▶ **Problem details**: Reproduce every entry exactly, without alteration.

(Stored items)

---+---

(* Let $\mathcal{D}$ be a distribution on $\mathbb{R}^d\times\mathbb{R}$, let $\mathbb{W}$ be a parameter space, and let $\ell:(\mathbb{R}^d\times\mathbb{R})\times\mathbb{W}\to\mathbb{R}^+$ be a loss function with $L:=\sup_{z}\sup_{w\in\mathbb{W}}|\ell(z,w)|<\infty$. For a training set $S=\{z_1,\dots,z_n\}$ drawn i.i.d. from $\mathcal{D}$, let $\phi_S$ be the (stochastic) gradient descent update $w_{t+1}=\phi_S(w_t)=w_t-\frac{\eta}{m}\sum_{i\in\Xi_t}\nabla\ell(z_i,w_t)$, where the step size $\eta>0$ is fixed and $\Xi_t$ is a uniformly random subset of $\{1,\dots,n\}$ of size $m$ ($m=n$ for gradient descent, in which case $\Xi_t=\{1,\dots,n\}$). Assume the ergodicity assumption: for every $S$ there is a map $z\mapsto\langle\ell_z\rangle_S\in\mathbb{R}$ such that for Lebesgue-a.e. $w_0$ and every $z\in\mathbb{R}^d\times\mathbb{R}$, $\lim_{T\to\infty}\frac1T\sum_{t=0}^{T-1}\ell(z,w_t)=\langle\ell_z\rangle_S$ along the orbit $w_t=\phi_S(w_{t-1})$. Suppose the algorithm is $\beta$-statistically algorithmically stable, i.e. $\beta=\sup\{|\langle\ell_z\rangle_S-\langle\ell_z\rangle_{S'}|: z\in\mathbb{R}^d\times\mathbb{R}\}$ for all training sets $S,S'$ sampled from $\mathcal{D}$ that differ in exactly one point. Define $\hat R_S=\frac1n\sum_{z\in S}\langle\ell_z\rangle_S$ and $R_S=\mathbb{E}_{z\sim\mathcal{D}}\langle\ell_z\rangle_S$. Then for any $\delta\in(0,1)$, with probability greater than $1-\delta$ over $S\sim\mathcal{D}^n$, $$R_S\le \hat R_S+\beta+2(n\beta+L)\sqrt{\frac{\log(2/\delta)}{2n}}.$$
   Context: $\langle\ell_z\rangle_S$ is the long-time average ("loss statistic") of the loss at the point $z$ along almost every training orbit for training set $S$. $\hat R_S$ and $R_S$ are the empirical and population risks defined via these loss statistics. Statistical algorithmic stability (SAS) with coefficient $\beta$ is as defined in the claim; the two training sets $S,S'$ differ by replacing one element with another drawn from $\mathcal{D}$. *)

theory Defs
  imports "HOL-Probability.Probability"
begin

text \<open>Training set S is indexed by 0..n-1,
  xi t is the mini-batch index set used at step t, g is the gradient of the loss
  in the parameter, eta the step size and m the batch size.\<close>
fun sgd_orbit :: "('z \<Rightarrow> 'w::real_vector \<Rightarrow> 'w) \<Rightarrow> real \<Rightarrow> nat \<Rightarrow> (nat \<Rightarrow> 'z)
                   \<Rightarrow> (nat \<Rightarrow> nat set) \<Rightarrow> 'w \<Rightarrow> nat \<Rightarrow> 'w" where
  "sgd_orbit g eta m S xi w0 0 = w0"
| "sgd_orbit g eta m S xi w0 (Suc t) =
     (let w = sgd_orbit g eta m S xi w0 t in
        w - (eta / real m) *\<^sub>R (\<Sum>i\<in>xi t. g (S i) w))"

text \<open>Law of the sequence of mini-batches: i.i.d. uniformly random subsets of
  {0..n-1} of size m (for m = n this is the constant full batch).\<close>
definition batch_law :: "nat \<Rightarrow> nat \<Rightarrow> (nat \<Rightarrow> nat set) measure" where
  "batch_law n m = PiM UNIV (\<lambda>_. measure_pmf (pmf_of_set {A. A \<subseteq> {..<n} \<and> card A = m}))"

---+---

▶ **Exercise answer**:
(* Let $\mathcal{D}$ be a distribution on $\mathbb{R}^d\times\mathbb{R}$, let $\mathbb{W}$ be a parameter space, and let $\ell:(\mathbb{R}^d\times\mathbb{R})\times\mathbb{W}\to\mathbb{R}^+$ be a loss function with $L:=\sup_{z}\sup_{w\in\mathbb{W}}|\ell(z,w)|<\infty$. For a training set $S=\{z_1,\dots,z_n\}$ drawn i.i.d. from $\mathcal{D}$, let $\phi_S$ be the (stochastic) gradient descent update $w_{t+1}=\phi_S(w_t)=w_t-\frac{\eta}{m}\sum_{i\in\Xi_t}\nabla\ell(z_i,w_t)$, where the step size $\eta>0$ is fixed and $\Xi_t$ is a uniformly random subset of $\{1,\dots,n\}$ of size $m$ ($m=n$ for gradient descent, in which case $\Xi_t=\{1,\dots,n\}$). Assume the ergodicity assumption: for every $S$ there is a map $z\mapsto\langle\ell_z\rangle_S\in\mathbb{R}$ such that for Lebesgue-a.e. $w_0$ and every $z\in\mathbb{R}^d\times\mathbb{R}$, $\lim_{T\to\infty}\frac1T\sum_{t=0}^{T-1}\ell(z,w_t)=\langle\ell_z\rangle_S$ along the orbit $w_t=\phi_S(w_{t-1})$. Suppose the algorithm is $\beta$-statistically algorithmically stable, i.e. $\beta=\sup\{|\langle\ell_z\rangle_S-\langle\ell_z\rangle_{S'}|: z\in\mathbb{R}^d\times\mathbb{R}\}$ for all training sets $S,S'$ sampled from $\mathcal{D}$ that differ in exactly one point. Define $\hat R_S=\frac1n\sum_{z\in S}\langle\ell_z\rangle_S$ and $R_S=\mathbb{E}_{z\sim\mathcal{D}}\langle\ell_z\rangle_S$. Then for any $\delta\in(0,1)$, with probability greater than $1-\delta$ over $S\sim\mathcal{D}^n$, $$R_S\le \hat R_S+\beta+2(n\beta+L)\sqrt{\frac{\log(2/\delta)}{2n}}.$$
   Context: $\langle\ell_z\rangle_S$ is the long-time average ("loss statistic") of the loss at the point $z$ along almost every training orbit for training set $S$. $\hat R_S$ and $R_S$ are the empirical and population risks defined via these loss statistics. Statistical algorithmic stability (SAS) with coefficient $\beta$ is as defined in the claim; the two training sets $S,S'$ differ by replacing one element with another drawn from $\mathcal{D}$. *)

theory Defs
  imports "HOL-Probability.Probability"
begin

text \<open>Training set S is indexed by 0..n-1,
  xi t is the mini-batch index set used at step t, g is the gradient of the loss
  in the parameter, eta the step size and m the batch size.\<close>
fun sgd_orbit :: "('z \<Rightarrow> 'w::real_vector \<Rightarrow> 'w) \<Rightarrow> real \<Rightarrow> nat \<Rightarrow> (nat \<Rightarrow> 'z)
                   \<Rightarrow> (nat \<Rightarrow> nat set) \<Rightarrow> 'w \<Rightarrow> nat \<Rightarrow> 'w" where
  "sgd_orbit g eta m S xi w0 0 = w0"
| "sgd_orbit g eta m S xi w0 (Suc t) =
     (let w = sgd_orbit g eta m S xi w0 t in
        w - (eta / real m) *\<^sub>R (\<Sum>i\<in>xi t. g (S i) w))"

text \<open>Law of the sequence of mini-batches: i.i.d. uniformly random subsets of
  {0..n-1} of size m (for m = n this is the constant full batch).\<close>
definition batch_law :: "nat \<Rightarrow> nat \<Rightarrow> (nat \<Rightarrow> nat set) measure" where
  "batch_law n m = PiM UNIV (\<lambda>_. measure_pmf (pmf_of_set {A. A \<subseteq> {..<n} \<and> card A = m}))"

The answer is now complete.